The SAN in configured:
14 disks in raid 60 giving 9 TB usable space. This is presented in 4 x 2 TB LUNs and 1 x 1 TB LUN.
Drives are Hitachi HUA72201.
The EXS server configuration:
ESXi 4.1 update 1
Manufacturer: Supermicro
Model: X8DT3
Processors: 12 CPU x 2.666 GHz
Processor Type: Intel(R) Xeon(R) CPU X5650 @ 2.67GHz
Hyperthreading: Active
Total Memory: 23.99 GB
Number of NICs: 4
State: Connected
Network:
Name PCI Driver Link Speed Duplex MAC Address MTU Description
vmnic0 0000:02:00.00 igb Up 1000Mbps Full 00:1b:21:8c:72:60 9000 Intel Corporation 82576 Gigabit Network Connection
vmnic1 0000:02:00.01 igb Up 1000Mbps Full 00:1b:21:8c:72:61 9000 Intel Corporation 82576 Gigabit Network Connection
vmnic2 0000:08:00.00 igb Up 1000Mbps Full 00:25:90:29:cc:5e 1500 Intel Corporation 82576 Gigabit Network Connection
vmnic3 0000:08:00.01 igb Up 1000Mbps Full 00:25:90:29:cc:5f 1500 Intel Corporation 82576 Gigabit Network Connection
/vmfs/volumes/4e4e6cb7-3b8e90fc-a964-001b218c7261/scripts/ghettoVCB # esxcfg-vswitch -l
Switch Name Num Ports Used Ports Configured Ports MTU Uplinks
vSwitch0 128 3 128 1500 vmnic2
PortGroup Name VLAN ID Used Ports Uplinks
VM Network 0 0 vmnic2
Management Network 0 1 vmnic2
Switch Name Num Ports Used Ports Configured Ports MTU Uplinks
vSwitch1 128 4 128 1500 vmnic3
PortGroup Name VLAN ID Used Ports Uplinks
Guest Network 0 2 vmnic3
Switch Name Num Ports Used Ports Configured Ports MTU Uplinks
vSwitch2 128 3 128 9000 vmnic0
PortGroup Name VLAN ID Used Ports Uplinks
iSCSI_0 0 1 vmnic0
Switch Name Num Ports Used Ports Configured Ports MTU Uplinks
vSwitch3 128 3 128 9000 vmnic1
PortGroup Name VLAN ID Used Ports Uplinks
iSCSI_1 0 1 vmnic1
Interface Port Group/DVPort IP Family IP Address Netmask Broadcast MAC Address MTU TSO MSS Enabled Type
vmk0 Management Network IPv4 192.168.XX.XX 255.255.255.0 192.168.XX.XX 00:25:90:29:cc:5e 1500 65535 true STATIC
vmk1 iSCSI_0 IPv4 10.10.10.21 255.255.255.0 10.10.10.255 00:50:56:72:13:82 9000 65535 true STATIC
vmk2 iSCSI_1 IPv4 10.10.11.21 255.255.255.0 10.10.11.255 00:50:56:7c:8b:76 9000 65535 true STATIC
Please can you advise where we can tweak to get better performance.
Thank you.
Are the system logs on the ESX host showing any kinds of storage errors or warnings?
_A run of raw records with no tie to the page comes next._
lemma I_increment:
  assumes "0 \<le> a" "a \<le> b"
  shows "((\<lambda>s. r * contact s - I s - r * \<epsilon> * contact (s - \<tau>)) has_integral (I b - I a)) {a..b}"
proof (rule has_integral_increment[OF _ assms])
  show "((\<lambda>s. r * contact s - I s - r * \<epsilon> * contact (s - \<tau>)) has_integral (I t - I 0)) {0..t}"
    if "0 \<le> t" for t
    using solution that unfolding SIQ_solution_def Let_def contact_def by (simp add: mult.assoc)
qed

lemma Q_increment:
  assumes "0 \<le> a" "a \<le> b"
  shows "((\<lambda>s. r * \<epsilon> * (contact (s - \<tau>) - contact (s - \<tau> - \<kappa>))) has_integral (Q b - Q a)) {a..b}"
proof (rule has_integral_increment[OF _ assms])
  show "((\<lambda>s. r * \<epsilon> * (contact (s - \<tau>) - contact (s - \<tau> - \<kappa>))) has_integral (Q t - Q 0)) {0..t}"
    if "0 \<le> t" for t
    using solution that unfolding SIQ_solution_def Let_def contact_def by simp
qed

lemma total_population: "0 \<le> t \<Longrightarrow> S t + I t + Q t = 1"
proof -
  assume t: "0 \<le> t"
  have "((\<lambda>s. (- r * contact s + I s + r * \<epsilon> * contact (s - \<tau> - \<kappa>))
        + (r * contact s - I s - r * \<epsilon> * contact (s - \<tau>))
        + r * \<epsilon> * (contact (s - \<tau>) - contact (s - \<tau> - \<kappa>)))
      has_integral (S t - S 0) + (I t - I 0) + (Q t - Q 0)) {0..t}"
    using has_integral_add[OF has_integral_add[OF S_increment I_increment] Q_increment] t by simp
  moreover have "(\<lambda>s. (- r * contact s + I s + r * \<epsilon> * contact (s - \<tau> - \<kappa>))
        + (r * contact s - I s - r * \<epsilon> * contact (s - \<tau>))
        + r * \<epsilon> * (contact (s - \<tau>) - contact (s - \<tau> - \<kappa>))) = (\<lambda>s. 0)"
    by (rule ext) algebra
  ultimately have "(S t - S 0) + (I t - I 0) + (Q t - Q 0) = 0"
    using has_integral_unique[OF has_integral_0] by metis
  moreover have "S 0 + I 0 + Q 0 = 1"
    using history_simplex[of 0] tau_pos kappa_pos unfolding in_simplex_def by simp
  ultimately show ?thesis by linarith
qed

lemma isCont_S_I:
  assumes "-\<tau>-\<kappa> < u" "u \<noteq> 0" "u \<notin> D"
  shows "isCont S u \<and> isCont I u"
proof (cases "0 < u")
  case True
  then have "u \<in> interior {0..}" by simp
  then show ?thesis using continuous_on_SIQ continuous_on_interior by blast
next
  case False
  then have "u \<in> {-\<tau>-\<kappa><..<0}" using assms by simp
  then have "isCont \<psi> u"
    using psi_continuous[of u] at_within_Icc_at[of "-\<tau>-\<kappa>" u 0] assms(3) by simp
  then have "isCont (\<lambda>x. fst (\<psi> x)) u" "isCont (\<lambda>x. fst (snd (\<psi> x))) u"
    by (auto intro!: continuous_intros)
  moreover have "\<forall>\<^sub>F x in nhds u. x \<in> {-\<tau>-\<kappa><..<0}"
    using \<open>u \<in> {-\<tau>-\<kappa><..<0}\<close> by (intro eventually_nhds_in_open) auto
  then have S: "\<forall>\<^sub>F x in nhds u. fst (\<psi> x) = S x" and I: "\<forall>\<^sub>F x in nhds u. fst (snd (\<psi> x)) = I x"
    by (auto elim!: eventually_mono simp: history)
  ultimately show ?thesis using isCont_cong[OF S] isCont_cong[OF I] by simp
qed

lemma isCont_contact: "-\<tau>-\<kappa> < u \<Longrightarrow> u \<noteq> 0 \<Longrightarrow> u \<notin> D \<Longrightarrow> isCont contact u"
  using isCont_S_I unfolding contact_def[abs_def] by (auto intro!: continuous_intros)

lemma S_I_bounded:
  assumes "0 \<le> X"
  obtains B where "1 \<le> B" "\<And>x. x \<in> {-\<tau>-\<kappa>..X} \<Longrightarrow> \<bar>S x\<bar> \<le> B \<and> \<bar>I x\<bar> \<le> B"
proof -
  have "compact (S ` {0..X})" "compact (I ` {0..X})"
    using continuous_on_SIQ by (auto intro!: compact_continuous_image intro: continuous_on_subset)
  then obtain a1 a2 where a1: "\<forall>y\<in>S ` {0..X}. norm y \<le> a1" and a2: "\<forall>y\<in>I ` {0..X}. norm y \<le> a2"
    using compact_imp_bounded bounded_iff by metis
  define B where "B = max 1 (max a1 a2)"
  have "\<bar>S x\<bar> \<le> B \<and> \<bar>I x\<bar> \<le> B" if x: "x \<in> {-\<tau>-\<kappa>..X}" for x
  proof (cases "x \<le> 0")
    case True
    then have "x \<in> {-\<tau>-\<kappa>..0}" using x by simp
    from history_bounds[OF this] show ?thesis unfolding B_def by (simp add: le_max_iff_disj)
  next
    case False
    then have "\<bar>S x\<bar> \<le> a1" "\<bar>I x\<bar> \<le> a2" using x a1 a2 by simp_all
    then show ?thesis unfolding B_def by linarith
  qed
  then show ?thesis using that[of B] unfolding B_def by simp
qed

lemma weighted_contact_integrable:
  assumes w: "\<And>x. isCont w x" and "0 \<le> X"
  shows "(\<lambda>\<theta>. w \<theta> * contact \<theta>) integrable_on {-\<tau>-\<kappa>..X}"
proof (rule Henstock_Kurzweil_Integration.integrable_combine[of _ 0])
  have w_on: "continuous_on A w" for A
    using w by (simp add: continuous_at_imp_continuous_on)
  obtain Bw where Bw: "\<And>\<theta>. \<theta> \<in> {-\<tau>-\<kappa>..0} \<Longrightarrow> \<bar>w \<theta>\<bar> \<le> Bw"
    using compact_imp_bounded[OF compact_continuous_image[OF w_on compact_Icc]]
    unfolding bounded_iff by (metis image_eqI real_norm_def)
  let ?f = "\<lambda>\<theta>. w \<theta> * (fst (\<psi> \<theta>) * fst (snd (\<psi> \<theta>)))"
  have "?f integrable_on {-\<tau>-\<kappa>..0}"
  proof (rule integrable_bounded_continuous_off_finite[OF finite_D])
    show "continuous (at x within {-\<tau>-\<kappa>..0}) ?f" if "x \<in> {-\<tau>-\<kappa>..0} - D" for x
      using psi_continuous[OF that] continuous_at_imp_continuous_within[OF w]
      by (intro continuous_intros) auto
    show "\<bar>?f \<theta>\<bar> \<le> Bw" if "\<theta> \<in> {-\<tau>-\<kappa>..0}" for \<theta>
    proof -
      have "S \<theta> * I \<theta> \<le> 1 * 1"
        using history_bounds[OF that] by (intro mult_mono) auto
      then have "\<bar>w \<theta>\<bar> * \<bar>S \<theta> * I \<theta>\<bar> \<le> Bw * 1"
        using history_bounds[OF that] Bw[OF that] by (intro mult_mono) auto
      then show ?thesis using history[OF that] by (simp add: abs_mult)
    qed
  qed
  then show "(\<lambda>\<theta>. w \<theta> * contact \<theta>) integrable_on {-\<tau>-\<kappa>..0}"
    by (rule integrable_eq) (simp add: history contact_def)
  show "(\<lambda>\<theta>. w \<theta> * contact \<theta>) integrable_on {0..X}"
    using continuous_on_SIQ w_on unfolding contact_def
    by (intro integrable_continuous_interval continuous_intros) (auto intro: continuous_on_subset)
qed (use tau_pos kappa_pos \<open>0 \<le> X\<close> in simp_all)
Your iSCSI configuration seems to be inline with best practice.
When you check esxtop and break the latency down by LUN are you seeing it on all LUNs on just some specific ones?
(esxtop -> d -> u -> L 40)
Some times a specifc LUN or management LUN may be reporting the high latency.
In that case you need to check to see what VMs are running on the LUN which may be contributing to them.
You also need to see what tier (RAID level) the LUN is running on incase its contributing to the issue.
Also is the latency DAVG or KAVG?
Hi.
Thanks for taking time to advise.
I have attached a file with some captures of the esxtop output as specified, is there a way to capture these results in this format as regular intervals ?
The KAVG is very low mostly 0.00 , whereas the DAVG moves from 17 to as high as 55 for the one LUN and the other as low as 0.28 to 623.65.
The storage is 1 x Raid 60 array. That I have divided up into 5 LUNS (4 x 2TB , 1 x 1.) .
I have tried the following as well ...
I have remove the Jumbo frames, and tried each of the possible path configurations, the results where all the same.
From the DAVG being so high would this indicate the the issue is most likely with the sorage ?
Thanks
Hi,
Yes DAVG relates latency from the Storage Array (If you experience high latency times, investigate current performance metrics and running configuration for the switches and the SAN targets.)
Refer to http://kb.vmware.com/kb/1008205 for more info
It certainly looks like the storage array is the source of the high latency.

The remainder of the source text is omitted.